• _Goal of the exercise_:
All of the records must come back exactly as they were given.

• _Source data_:
»»
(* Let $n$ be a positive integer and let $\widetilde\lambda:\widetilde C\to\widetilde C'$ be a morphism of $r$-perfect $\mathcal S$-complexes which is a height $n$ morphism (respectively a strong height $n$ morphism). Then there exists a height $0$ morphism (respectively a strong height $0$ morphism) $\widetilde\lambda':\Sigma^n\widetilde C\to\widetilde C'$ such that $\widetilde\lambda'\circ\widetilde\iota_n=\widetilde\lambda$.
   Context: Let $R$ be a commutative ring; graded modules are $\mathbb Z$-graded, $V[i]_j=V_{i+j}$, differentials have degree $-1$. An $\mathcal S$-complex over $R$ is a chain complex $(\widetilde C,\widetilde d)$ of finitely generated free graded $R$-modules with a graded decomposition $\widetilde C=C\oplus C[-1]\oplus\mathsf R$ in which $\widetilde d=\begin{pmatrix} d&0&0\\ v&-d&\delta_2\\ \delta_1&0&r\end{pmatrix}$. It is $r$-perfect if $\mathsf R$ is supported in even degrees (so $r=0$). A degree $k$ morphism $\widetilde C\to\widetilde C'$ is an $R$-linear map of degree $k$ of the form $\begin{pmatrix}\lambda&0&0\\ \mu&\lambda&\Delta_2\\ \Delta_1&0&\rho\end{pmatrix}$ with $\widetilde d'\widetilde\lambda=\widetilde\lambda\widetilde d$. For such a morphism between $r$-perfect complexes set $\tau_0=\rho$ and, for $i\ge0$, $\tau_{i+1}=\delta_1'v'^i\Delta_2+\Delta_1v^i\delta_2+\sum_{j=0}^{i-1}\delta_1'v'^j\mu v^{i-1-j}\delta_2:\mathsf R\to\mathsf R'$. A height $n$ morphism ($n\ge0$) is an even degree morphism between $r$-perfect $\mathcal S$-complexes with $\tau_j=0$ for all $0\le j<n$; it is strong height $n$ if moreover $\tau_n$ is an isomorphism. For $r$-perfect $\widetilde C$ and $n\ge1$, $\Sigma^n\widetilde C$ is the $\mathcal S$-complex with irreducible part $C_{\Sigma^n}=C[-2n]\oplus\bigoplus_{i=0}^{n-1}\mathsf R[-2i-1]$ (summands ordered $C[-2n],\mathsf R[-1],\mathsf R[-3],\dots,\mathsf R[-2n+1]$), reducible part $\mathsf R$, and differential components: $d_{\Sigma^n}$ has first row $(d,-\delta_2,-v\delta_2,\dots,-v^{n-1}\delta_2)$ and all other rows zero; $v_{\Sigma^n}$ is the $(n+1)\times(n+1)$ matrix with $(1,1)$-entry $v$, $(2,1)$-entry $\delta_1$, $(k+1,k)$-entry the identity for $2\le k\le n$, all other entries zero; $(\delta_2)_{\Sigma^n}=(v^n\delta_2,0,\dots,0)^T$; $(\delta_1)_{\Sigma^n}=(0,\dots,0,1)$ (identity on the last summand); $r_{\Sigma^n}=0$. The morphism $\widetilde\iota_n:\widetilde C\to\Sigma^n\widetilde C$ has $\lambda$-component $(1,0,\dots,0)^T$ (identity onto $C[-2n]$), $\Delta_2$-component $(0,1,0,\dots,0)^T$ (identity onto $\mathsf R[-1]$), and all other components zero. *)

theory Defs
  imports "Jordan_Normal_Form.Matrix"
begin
««
• _Answer section_:
(* Let $n$ be a positive integer and let $\widetilde\lambda:\widetilde C\to\widetilde C'$ be a morphism of $r$-perfect $\mathcal S$-complexes which is a height $n$ morphism (respectively a strong height $n$ morphism). Then there exists a height $0$ morphism (respectively a strong height $0$ morphism) $\widetilde\lambda':\Sigma^n\widetilde C\to\widetilde C'$ such that $\widetilde\lambda'\circ\widetilde\iota_n=\widetilde\lambda$.
   Context: Let $R$ be a commutative ring; graded modules are $\mathbb Z$-graded, $V[i]_j=V_{i+j}$, differentials have degree $-1$. An $\mathcal S$-complex over $R$ is a chain complex $(\widetilde C,\widetilde d)$ of finitely generated free graded $R$-modules with a graded decomposition $\widetilde C=C\oplus C[-1]\oplus\mathsf R$ in which $\widetilde d=\begin{pmatrix} d&0&0\\ v&-d&\delta_2\\ \delta_1&0&r\end{pmatrix}$. It is $r$-perfect if $\mathsf R$ is supported in even degrees (so $r=0$). A degree $k$ morphism $\widetilde C\to\widetilde C'$ is an $R$-linear map of degree $k$ of the form $\begin{pmatrix}\lambda&0&0\\ \mu&\lambda&\Delta_2\\ \Delta_1&0&\rho\end{pmatrix}$ with $\widetilde d'\widetilde\lambda=\widetilde\lambda\widetilde d$. For such a morphism between $r$-perfect complexes set $\tau_0=\rho$ and, for $i\ge0$, $\tau_{i+1}=\delta_1'v'^i\Delta_2+\Delta_1v^i\delta_2+\sum_{j=0}^{i-1}\delta_1'v'^j\mu v^{i-1-j}\delta_2:\mathsf R\to\mathsf R'$. A height $n$ morphism ($n\ge0$) is an even degree morphism between $r$-perfect $\mathcal S$-complexes with $\tau_j=0$ for all $0\le j<n$; it is strong height $n$ if moreover $\tau_n$ is an isomorphism. For $r$-perfect $\widetilde C$ and $n\ge1$, $\Sigma^n\widetilde C$ is the $\mathcal S$-complex with irreducible part $C_{\Sigma^n}=C[-2n]\oplus\bigoplus_{i=0}^{n-1}\mathsf R[-2i-1]$ (summands ordered $C[-2n],\mathsf R[-1],\mathsf R[-3],\dots,\mathsf R[-2n+1]$), reducible part $\mathsf R$, and differential components: $d_{\Sigma^n}$ has first row $(d,-\delta_2,-v\delta_2,\dots,-v^{n-1}\delta_2)$ and all other rows zero; $v_{\Sigma^n}$ is the $(n+1)\times(n+1)$ matrix with $(1,1)$-entry $v$, $(2,1)$-entry $\delta_1$, $(k+1,k)$-entry the identity for $2\le k\le n$, all other entries zero; $(\delta_2)_{\Sigma^n}=(v^n\delta_2,0,\dots,0)^T$; $(\delta_1)_{\Sigma^n}=(0,\dots,0,1)$ (identity on the last summand); $r_{\Sigma^n}=0$. The morphism $\widetilde\iota_n:\widetilde C\to\Sigma^n\widetilde C$ has $\lambda$-component $(1,0,\dots,0)^T$ (identity onto $C[-2n]$), $\Delta_2$-component $(0,1,0,\dots,0)^T$ (identity onto $\mathsf R[-1]$), and all other components zero. *)

theory Defs
  imports "Jordan_Normal_Form.Matrix"
begin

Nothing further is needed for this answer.